Warren R. True
Pipeline/Gas Processing Editor
Start-up occurred last month on the $2.1 billion Central Graben project in the North Sea.
Led by Amoco (U.K.) Exploration Co., the project consists of the development of North Everest and Lomond fields and construction of the Central Area Transmission System (CATS) and of a new gas terminal and processing plant near Teesside.
The pipeline is designed to provide the backbone for the long-expected infrastructure for natural gas produced from central North Sea fields.
Additionally, the project-field development, pipeline, terminal, and processing plant-along with the gas-fired power plant taking the gas has been one of the largest ever in the U. K.
Other partners in the field are Amerada Hess Ltd. (16.7%) and British Gas Exploration & Production Ltd. (61.1%).
Estimated recoverable reserves in the two fields, located 36 miles apart and 120 miles east of Aberdeen, are 1.5 tcf of gas and 50 million bbl of condensate. Lomond was discovered in 1973; Everest in 1983. Analyses of the fields' gas streams are shown in Table 1.
Driving the project were plans by Teesside Power Ltd. to build at Teesside the largest gas-fired electric power generating plant in Europe-1,875 mw. Sales contracts committed the first 300 MMcfd to the new plant (OGJ, April 19, p. 23).
Teesside Power is a consortium of Enron Power (U.K.) Ltd., ICI Chemicals & Polymers Ltd., and four regional U.K. electricity companies.
JACKETS, DECKS INSTALLED
Fabrication of the Everest and Lomond platforms and the riser 'platform (Fig. 1) took place at Highland Fabricators of Nigg Bay on the Cromarty Firth in the north of Scotland.
For the platform jackets, Amoco and prime engineering contractor Brown & Root Vickers chose an X-braced tower jacket configuration that offered substantial weight savings, says Amoco, together with significant economies and other benefits in construction, load out, and installation.
The design of the jackets also utilized the concept of leg piles grouted to form composite sections with the jacket legs. These lightweight jackets were installed in approximately 300 ft of water over predrilled templates in single lifts.
The integrated production decks for Everest and Lomond, each weighing some 9,000 tons, were installed as single lifts. The design of the decks allows for the skidding on of a drilling package from a harsh environment jack up drilling rig operating in tender-assist mode.

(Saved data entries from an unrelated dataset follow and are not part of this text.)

lemma precedes_swap:
  assumes "distinct (ys @ a # b # zs)"
  shows "precedes (ys @ b # a # zs) u v \<longleftrightarrow>
           (u, v) = (b, a) \<or> (u, v) \<noteq> (a, b) \<and> precedes (ys @ a # b # zs) u v"
  using assms by (auto simp: precedes_append dest: precedes_in_set)

lemma precedes_adjacent:
  assumes "distinct (ys @ a # b # zs)"
  shows "precedes (ys @ a # b # zs) a b" "\<not> precedes (ys @ a # b # zs) b a"
  using assms by (auto simp: precedes_append dest: precedes_in_set)

lemma apply_Swap_append: "apply_action (Swap (Suc (length ys))) (ys @ a # b # zs) = ys @ b # a # zs"
  by (simp add: list_update_append nth_append)

lemma Swap_decompose:
  assumes "1 \<le> i" "i < length x"
  obtains ys a b zs where "x = ys @ a # b # zs" "apply_action (Swap i) x = ys @ b # a # zs"
proof -
  obtain k where k: "i = Suc k" using assms by (cases i) auto
  then have "x = take k x @ x ! k # x ! Suc k # drop (Suc (Suc k)) x"
    using assms by (metis Cons_nth_drop_Suc Suc_lessD append_take_drop_id)
  moreover have "length (take k x) = k" using assms k by simp
  ultimately show thesis using that k apply_Swap_append by metis
qed

definition inversions :: "'a list \<Rightarrow> 'a list \<Rightarrow> nat" where
  "inversions x y = card {(u, v). precedes x u v \<and> precedes y v u}"

lemma finite_inversion_pairs: "finite {(u, v). precedes x u v \<and> precedes y v u}"
  by (rule finite_subset[of _ "set x \<times> set x"]) (auto dest: precedes_in_set)

lemma inversions_self:
  assumes "distinct x" shows "inversions x x = 0"
proof -
  have "{(u, v). precedes x u v \<and> precedes x v u} = {}" using precedes_asym[OF assms] by auto
  then show ?thesis unfolding inversions_def by (metis card.empty)
qed

lemma inversions_commute: "inversions x y = inversions y x"
proof -
  have "{(u, v). precedes y u v \<and> precedes x v u} = prod.swap ` {(u, v). precedes x u v \<and> precedes y v u}"
    by auto
  then show ?thesis unfolding inversions_def by (simp add: card_image)
qed

lemma inversions_swap:
  assumes x: "distinct (ys @ a # b # zs)" and y: "distinct y" "precedes y b a"
  shows "inversions (ys @ a # b # zs) y = Suc (inversions (ys @ b # a # zs) y)"
proof -
  let ?E = "\<lambda>x. {(u, v). precedes x u v \<and> precedes y v u}"
  have "a \<noteq> b" "\<not> precedes y a b" using x precedes_asym[OF y] by auto
  then have "?E (ys @ a # b # zs) = insert (a, b) (?E (ys @ b # a # zs))"
    using y(2) precedes_adjacent[OF x] by (auto simp: precedes_swap[OF x])
  moreover have "(a, b) \<notin> ?E (ys @ b # a # zs)"
  proof -
    have "distinct (ys @ b # a # zs)" using x by auto
    from precedes_adjacent(2)[OF this] show ?thesis by simp
  qed
  ultimately show ?thesis unfolding inversions_def by (simp add: finite_inversion_pairs)
qed

lemma inversions_swap_cases:
  assumes x: "distinct (ys @ a # b # zs)" and c: "distinct c" "set c = set (ys @ a # b # zs)"
  shows "precedes c a b \<and> inversions c (ys @ b # a # zs) = Suc (inversions c (ys @ a # b # zs))
       \<or> precedes c b a \<and> inversions c (ys @ a # b # zs) = Suc (inversions c (ys @ b # a # zs))"
proof -
  have "a \<in> set c" "b \<in> set c" "a \<noteq> b" using x c by auto
  then consider "precedes c a b" | "precedes c b a" by (metis precedes_total)
  then show ?thesis
  proof cases
    case 1
    have "distinct (ys @ b # a # zs)" using x by auto
    from inversions_swap[OF this c(1) 1] have
      "inversions c (ys @ b # a # zs) = Suc (inversions c (ys @ a # b # zs))"
      by (simp only: inversions_commute[of c])
    with 1 show ?thesis by (rule disjI1[OF conjI])
  next
    case 2
    from inversions_swap[OF x c(1) 2] have
      "inversions c (ys @ a # b # zs) = Suc (inversions c (ys @ b # a # zs))"
      by (simp only: inversions_commute[of c])
    with 2 show ?thesis by (rule disjI2[OF conjI])
  qed
qed

lemma sorted_wrt_precedes_if_adjacent:
  assumes "distinct y" "set x \<subseteq> set y"
    and "\<And>ys a b zs. x = ys @ a # b # zs \<Longrightarrow> precedes y a b"
  shows "sorted_wrt (precedes y) x"
  using assms(2,3)
proof (induction x)
  case Nil then show ?case by simp
next
  case (Cons a x)
  have sorted: "sorted_wrt (precedes y) x"
  proof (rule Cons.IH)
    show "set x \<subseteq> set y" using Cons.prems by auto
    fix ys a' b zs assume "x = ys @ a' # b # zs"
    then show "precedes y a' b" using Cons.prems(2)[of "a # ys" a' b zs] by simp
  qed
  show ?case
  proof (cases x)
    case Nil then show ?thesis by simp
  next
    case (Cons b rest)
    have "precedes y a b" using Cons.prems(2)[of "[]" a b rest] Cons by simp
    then have "\<forall>c\<in>set x. precedes y a c"
      using sorted Cons precedes_trans[OF assms(1)] by auto
    then show ?thesis using sorted by simp
  qed
qed

lemma sorted_wrt_precedes_eq:
  assumes "sorted_wrt (precedes y) x" "distinct y" "distinct x" "set x = set y"
  shows "x = y"
  using assms
proof (induction x arbitrary: y)
  case Nil then show ?case by simp
next
  case (Cons a x)
  obtain b y' where y: "y = b # y'" using Cons.prems(4) by (cases y) auto
  have a_first: "\<forall>c\<in>set x. precedes y a c" "sorted_wrt (precedes y) x" using Cons.prems(1) by auto
  have "a = b"
  proof (rule ccontr)
    assume "a \<noteq> b"
    then have "b \<in> set x" using Cons.prems(4) y by auto
    then have "precedes y' a b" using a_first y \<open>a \<noteq> b\<close> by auto
    then show False using Cons.prems(2) y by (auto dest: precedes_in_set)
  qed
  then have "set x = set y'" using Cons.prems(2-4) y by auto
  moreover have "sorted_wrt (precedes y') x"
    using sorted_wrt_mono_rel[OF _ a_first(2), of "precedes y'"] y \<open>a = b\<close> Cons.prems(3) by auto
  ultimately have "x = y'" using Cons.IH Cons.prems(2,3) y by auto
  then show ?case using y \<open>a = b\<close> by simp
qed

lemma adjacent_inversion_exists:
  assumes "distinct x" "distinct y" "set x = set y" "x \<noteq> y"
  obtains ys a b zs where "x = ys @ a # b # zs" "precedes y b a"
proof -
  have "\<not> (\<forall>ys a b zs. x = ys @ a # b # zs \<longrightarrow> precedes y a b)"
  proof
    assume "\<forall>ys a b zs. x = ys @ a # b # zs \<longrightarrow> precedes y a b"
    then have "sorted_wrt (precedes y) x"
      using sorted_wrt_precedes_if_adjacent[OF assms(2)] assms(3) by blast
    then show False using sorted_wrt_precedes_eq[OF _ assms(2,1,3)] assms(4) by simp
  qed
  then obtain ys a b zs where x: "x = ys @ a # b # zs" "\<not> precedes y a b" by blast
  moreover have "a \<in> set y" "b \<in> set y" "a \<noteq> b" using assms(1,3) x by auto
  ultimately have "precedes y b a" using precedes_total[of a y b] by simp
  with x(1) show thesis by (rule that)
qed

Contracts for the production decks were placed with two other Scottish yards: UIE (Scotland) Ltd., Clydebank (near Glasgow), which built the Lomond integrated deck; and RGC Ltd., Methil, Fife, which built the Everest integrated deck.
Jackets for the three platforms along with the riser deck were installed in April-July 1992 in single lifts by Saipem U.K. Ltd.'s crane barge M7000.
The production platform jackets weigh approximately 3,000 tons each; the riser jacket 2,700 tons. The riser platform topsides weigh 2,880 tons.
Tie-backs of the predrilled wells at Everest and Lomond have been accomplished successfully with the jack ups West Omikron and Santa Fe Magellan.
The Everest and Lomond integrated production decks were installed in November-December 1992 in single lifts by the crane barge DB102. Installation contractor was Hereemac.
Processing and compression on each platform were designed to be 200 MMscfd from two compressors per platform. CATS is designed to operate its entire length in dense phase.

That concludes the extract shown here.